▶ **Exercise**: Below are some records. Set each one down exactly as it reads.

▶ **Data for this task**:
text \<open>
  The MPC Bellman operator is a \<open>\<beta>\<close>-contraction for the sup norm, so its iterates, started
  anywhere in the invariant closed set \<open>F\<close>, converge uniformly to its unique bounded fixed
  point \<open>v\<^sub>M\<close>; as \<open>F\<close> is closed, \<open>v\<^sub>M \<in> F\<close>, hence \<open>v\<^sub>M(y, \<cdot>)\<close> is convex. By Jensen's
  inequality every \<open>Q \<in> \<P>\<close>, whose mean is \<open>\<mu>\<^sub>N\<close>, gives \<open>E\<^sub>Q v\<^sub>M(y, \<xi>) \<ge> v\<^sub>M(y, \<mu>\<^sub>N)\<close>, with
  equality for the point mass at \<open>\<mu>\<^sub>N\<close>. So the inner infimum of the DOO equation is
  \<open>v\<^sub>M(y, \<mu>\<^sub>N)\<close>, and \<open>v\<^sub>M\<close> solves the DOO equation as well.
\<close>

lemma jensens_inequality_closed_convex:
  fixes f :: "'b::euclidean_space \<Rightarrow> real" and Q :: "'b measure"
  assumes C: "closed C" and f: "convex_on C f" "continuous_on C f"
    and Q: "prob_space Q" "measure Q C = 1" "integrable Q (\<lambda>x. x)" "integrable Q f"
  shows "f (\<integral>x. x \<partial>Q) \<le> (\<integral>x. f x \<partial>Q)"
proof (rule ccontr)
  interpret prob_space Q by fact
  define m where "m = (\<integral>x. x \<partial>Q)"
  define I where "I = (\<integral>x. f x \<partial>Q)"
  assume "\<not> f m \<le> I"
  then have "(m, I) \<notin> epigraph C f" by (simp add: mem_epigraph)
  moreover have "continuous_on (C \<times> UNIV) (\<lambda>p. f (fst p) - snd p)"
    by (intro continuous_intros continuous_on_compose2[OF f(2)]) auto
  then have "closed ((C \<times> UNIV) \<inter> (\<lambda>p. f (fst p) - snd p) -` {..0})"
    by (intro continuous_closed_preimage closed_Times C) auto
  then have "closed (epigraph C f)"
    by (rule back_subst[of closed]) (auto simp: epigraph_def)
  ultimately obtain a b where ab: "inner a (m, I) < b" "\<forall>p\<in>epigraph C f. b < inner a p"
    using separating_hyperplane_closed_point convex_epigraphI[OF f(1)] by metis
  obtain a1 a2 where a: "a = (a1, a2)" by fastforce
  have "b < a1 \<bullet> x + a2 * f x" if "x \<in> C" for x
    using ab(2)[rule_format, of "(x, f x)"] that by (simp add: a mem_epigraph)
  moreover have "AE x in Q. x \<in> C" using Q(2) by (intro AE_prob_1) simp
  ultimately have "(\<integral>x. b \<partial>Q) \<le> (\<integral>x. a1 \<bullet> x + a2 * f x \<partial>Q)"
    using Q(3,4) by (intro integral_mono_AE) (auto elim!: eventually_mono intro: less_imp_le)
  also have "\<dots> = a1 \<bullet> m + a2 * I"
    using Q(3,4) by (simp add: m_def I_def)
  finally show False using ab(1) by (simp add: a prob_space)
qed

▶ **Result for this task**:
text \<open>
  The MPC Bellman operator is a \<open>\<beta>\<close>-contraction for the sup norm, so its iterates, started
  anywhere in the invariant closed set \<open>F\<close>, converge uniformly to its unique bounded fixed
  point \<open>v\<^sub>M\<close>; as \<open>F\<close> is closed, \<open>v\<^sub>M \<in> F\<close>, hence \<open>v\<^sub>M(y, \<cdot>)\<close> is convex. By Jensen's
  inequality every \<open>Q \<in> \<P>\<close>, whose mean is \<open>\<mu>\<^sub>N\<close>, gives \<open>E\<^sub>Q v\<^sub>M(y, \<xi>) \<ge> v\<^sub>M(y, \<mu>\<^sub>N)\<close>, with
  equality for the point mass at \<open>\<mu>\<^sub>N\<close>. So the inner infimum of the DOO equation is
  \<open>v\<^sub>M(y, \<mu>\<^sub>N)\<close>, and \<open>v\<^sub>M\<close> solves the DOO equation as well.
\<close>

lemma jensens_inequality_closed_convex:
  fixes f :: "'b::euclidean_space \<Rightarrow> real" and Q :: "'b measure"
  assumes C: "closed C" and f: "convex_on C f" "continuous_on C f"
    and Q: "prob_space Q" "measure Q C = 1" "integrable Q (\<lambda>x. x)" "integrable Q f"
  shows "f (\<integral>x. x \<partial>Q) \<le> (\<integral>x. f x \<partial>Q)"
proof (rule ccontr)
  interpret prob_space Q by fact
  define m where "m = (\<integral>x. x \<partial>Q)"
  define I where "I = (\<integral>x. f x \<partial>Q)"
  assume "\<not> f m \<le> I"
  then have "(m, I) \<notin> epigraph C f" by (simp add: mem_epigraph)
  moreover have "continuous_on (C \<times> UNIV) (\<lambda>p. f (fst p) - snd p)"
    by (intro continuous_intros continuous_on_compose2[OF f(2)]) auto
  then have "closed ((C \<times> UNIV) \<inter> (\<lambda>p. f (fst p) - snd p) -` {..0})"
    by (intro continuous_closed_preimage closed_Times C) auto
  then have "closed (epigraph C f)"
    by (rule back_subst[of closed]) (auto simp: epigraph_def)
  ultimately obtain a b where ab: "inner a (m, I) < b" "\<forall>p\<in>epigraph C f. b < inner a p"
    using separating_hyperplane_closed_point convex_epigraphI[OF f(1)] by metis
  obtain a1 a2 where a: "a = (a1, a2)" by fastforce
  have "b < a1 \<bullet> x + a2 * f x" if "x \<in> C" for x
    using ab(2)[rule_format, of "(x, f x)"] that by (simp add: a mem_epigraph)
  moreover have "AE x in Q. x \<in> C" using Q(2) by (intro AE_prob_1) simp
  ultimately have "(\<integral>x. b \<partial>Q) \<le> (\<integral>x. a1 \<bullet> x + a2 * f x \<partial>Q)"
    using Q(3,4) by (intro integral_mono_AE) (auto elim!: eventually_mono intro: less_imp_le)
  also have "\<dots> = a1 \<bullet> m + a2 * I"
    using Q(3,4) by (simp add: m_def I_def)
  finally show False using ab(1) by (simp add: a prob_space)
qed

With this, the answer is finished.